▼

(* For all integers $r,q\ge1$, every $(3,2r)$-modular variety is $(2^{q+1}-1,\,2r^q)$-modular.
   Context: $\circ$ denotes relational composition, juxtaposition denotes intersection. For relations $X,Y$ and $m\ge1$, $X\circ_m Y$ denotes $X\circ Y\circ X\circ\cdots$ with $m$ factors. For $m\ge3$, a variety $\mathcal V$ is $(m,k)$-modular if every algebra in $\mathcal V$ satisfies $\alpha(\beta\circ_m\alpha\gamma)\subseteq\alpha\beta\circ_k\alpha\gamma$ for all congruences $\alpha,\beta,\gamma$. *)

theory Defs
  imports Main
begin

datatype ('f, 'v) trm = Var 'v | Fun 'f "('f, 'v) trm list"

fun wf_trm :: "('f \<Rightarrow> nat) \<Rightarrow> ('f, 'v) trm \<Rightarrow> bool" where
  "wf_trm ar (Var v) = True"
| "wf_trm ar (Fun f ts) = (length ts = ar f \<and> (\<forall>t \<in> set ts. wf_trm ar t))"

definition wf_identities :: "('f \<Rightarrow> nat) \<Rightarrow> (('f, nat) trm \<times> ('f, nat) trm) set \<Rightarrow> bool" where
  "wf_identities ar \<Sigma> \<longleftrightarrow> (\<forall>(s, t) \<in> \<Sigma>. wf_trm ar s \<and> wf_trm ar t)"

definition algebra :: "('f \<Rightarrow> nat) \<Rightarrow> 'a set \<Rightarrow> ('f \<Rightarrow> 'a list \<Rightarrow> 'a) \<Rightarrow> bool" where
  "algebra ar A I \<longleftrightarrow> (\<forall>f xs. length xs = ar f \<and> set xs \<subseteq> A \<longrightarrow> I f xs \<in> A)"

fun eval :: "('f \<Rightarrow> 'a list \<Rightarrow> 'a) \<Rightarrow> ('v \<Rightarrow> 'a) \<Rightarrow> ('f, 'v) trm \<Rightarrow> 'a" where
  "eval I \<rho> (Var v) = \<rho> v"
| "eval I \<rho> (Fun f ts) = I f (map (eval I \<rho>) ts)"

definition satisfies :: "'a set \<Rightarrow> ('f \<Rightarrow> 'a list \<Rightarrow> 'a) \<Rightarrow> ('f, 'v) trm \<times> ('f, 'v) trm \<Rightarrow> bool" where
  "satisfies A I e \<longleftrightarrow> (\<forall>\<rho>. range \<rho> \<subseteq> A \<longrightarrow> eval I \<rho> (fst e) = eval I \<rho> (snd e))"

definition in_variety :: "('f \<Rightarrow> nat) \<Rightarrow> (('f, nat) trm \<times> ('f, nat) trm) set
    \<Rightarrow> 'a set \<Rightarrow> ('f \<Rightarrow> 'a list \<Rightarrow> 'a) \<Rightarrow> bool" where
  "in_variety ar \<Sigma> A I \<longleftrightarrow> algebra ar A I \<and> (\<forall>e \<in> \<Sigma>. satisfies A I e)"

definition congruence :: "('f \<Rightarrow> nat) \<Rightarrow> 'a set \<Rightarrow> ('f \<Rightarrow> 'a list \<Rightarrow> 'a) \<Rightarrow> 'a rel \<Rightarrow> bool" where
  "congruence ar A I \<theta> \<longleftrightarrow> equiv A \<theta> \<and>
     (\<forall>f xs ys. length xs = ar f \<and> list_all2 (\<lambda>x y. (x, y) \<in> \<theta>) xs ys
        \<longrightarrow> (I f xs, I f ys) \<in> \<theta>)"

fun alt :: "'a rel \<Rightarrow> 'a rel \<Rightarrow> nat \<Rightarrow> 'a rel" where
  "alt X Y 0 = Id"
| "alt X Y (Suc 0) = X"
| "alt X Y (Suc (Suc n)) = X O alt Y X (Suc n)"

▲

Copy out the full listing, exactly as it stands.

▶ [Output for this task]:
(* For all integers $r,q\ge1$, every $(3,2r)$-modular variety is $(2^{q+1}-1,\,2r^q)$-modular.
   Context: $\circ$ denotes relational composition, juxtaposition denotes intersection. For relations $X,Y$ and $m\ge1$, $X\circ_m Y$ denotes $X\circ Y\circ X\circ\cdots$ with $m$ factors. For $m\ge3$, a variety $\mathcal V$ is $(m,k)$-modular if every algebra in $\mathcal V$ satisfies $\alpha(\beta\circ_m\alpha\gamma)\subseteq\alpha\beta\circ_k\alpha\gamma$ for all congruences $\alpha,\beta,\gamma$. *)

theory Defs
  imports Main
begin

datatype ('f, 'v) trm = Var 'v | Fun 'f "('f, 'v) trm list"

fun wf_trm :: "('f \<Rightarrow> nat) \<Rightarrow> ('f, 'v) trm \<Rightarrow> bool" where
  "wf_trm ar (Var v) = True"
| "wf_trm ar (Fun f ts) = (length ts = ar f \<and> (\<forall>t \<in> set ts. wf_trm ar t))"

definition wf_identities :: "('f \<Rightarrow> nat) \<Rightarrow> (('f, nat) trm \<times> ('f, nat) trm) set \<Rightarrow> bool" where
  "wf_identities ar \<Sigma> \<longleftrightarrow> (\<forall>(s, t) \<in> \<Sigma>. wf_trm ar s \<and> wf_trm ar t)"

definition algebra :: "('f \<Rightarrow> nat) \<Rightarrow> 'a set \<Rightarrow> ('f \<Rightarrow> 'a list \<Rightarrow> 'a) \<Rightarrow> bool" where
  "algebra ar A I \<longleftrightarrow> (\<forall>f xs. length xs = ar f \<and> set xs \<subseteq> A \<longrightarrow> I f xs \<in> A)"

fun eval :: "('f \<Rightarrow> 'a list \<Rightarrow> 'a) \<Rightarrow> ('v \<Rightarrow> 'a) \<Rightarrow> ('f, 'v) trm \<Rightarrow> 'a" where
  "eval I \<rho> (Var v) = \<rho> v"
| "eval I \<rho> (Fun f ts) = I f (map (eval I \<rho>) ts)"

definition satisfies :: "'a set \<Rightarrow> ('f \<Rightarrow> 'a list \<Rightarrow> 'a) \<Rightarrow> ('f, 'v) trm \<times> ('f, 'v) trm \<Rightarrow> bool" where
  "satisfies A I e \<longleftrightarrow> (\<forall>\<rho>. range \<rho> \<subseteq> A \<longrightarrow> eval I \<rho> (fst e) = eval I \<rho> (snd e))"

definition in_variety :: "('f \<Rightarrow> nat) \<Rightarrow> (('f, nat) trm \<times> ('f, nat) trm) set
    \<Rightarrow> 'a set \<Rightarrow> ('f \<Rightarrow> 'a list \<Rightarrow> 'a) \<Rightarrow> bool" where
  "in_variety ar \<Sigma> A I \<longleftrightarrow> algebra ar A I \<and> (\<forall>e \<in> \<Sigma>. satisfies A I e)"

definition congruence :: "('f \<Rightarrow> nat) \<Rightarrow> 'a set \<Rightarrow> ('f \<Rightarrow> 'a list \<Rightarrow> 'a) \<Rightarrow> 'a rel \<Rightarrow> bool" where
  "congruence ar A I \<theta> \<longleftrightarrow> equiv A \<theta> \<and>
     (\<forall>f xs ys. length xs = ar f \<and> list_all2 (\<lambda>x y. (x, y) \<in> \<theta>) xs ys
        \<longrightarrow> (I f xs, I f ys) \<in> \<theta>)"

fun alt :: "'a rel \<Rightarrow> 'a rel \<Rightarrow> nat \<Rightarrow> 'a rel" where
  "alt X Y 0 = Id"
| "alt X Y (Suc 0) = X"
| "alt X Y (Suc (Suc n)) = X O alt Y X (Suc n)"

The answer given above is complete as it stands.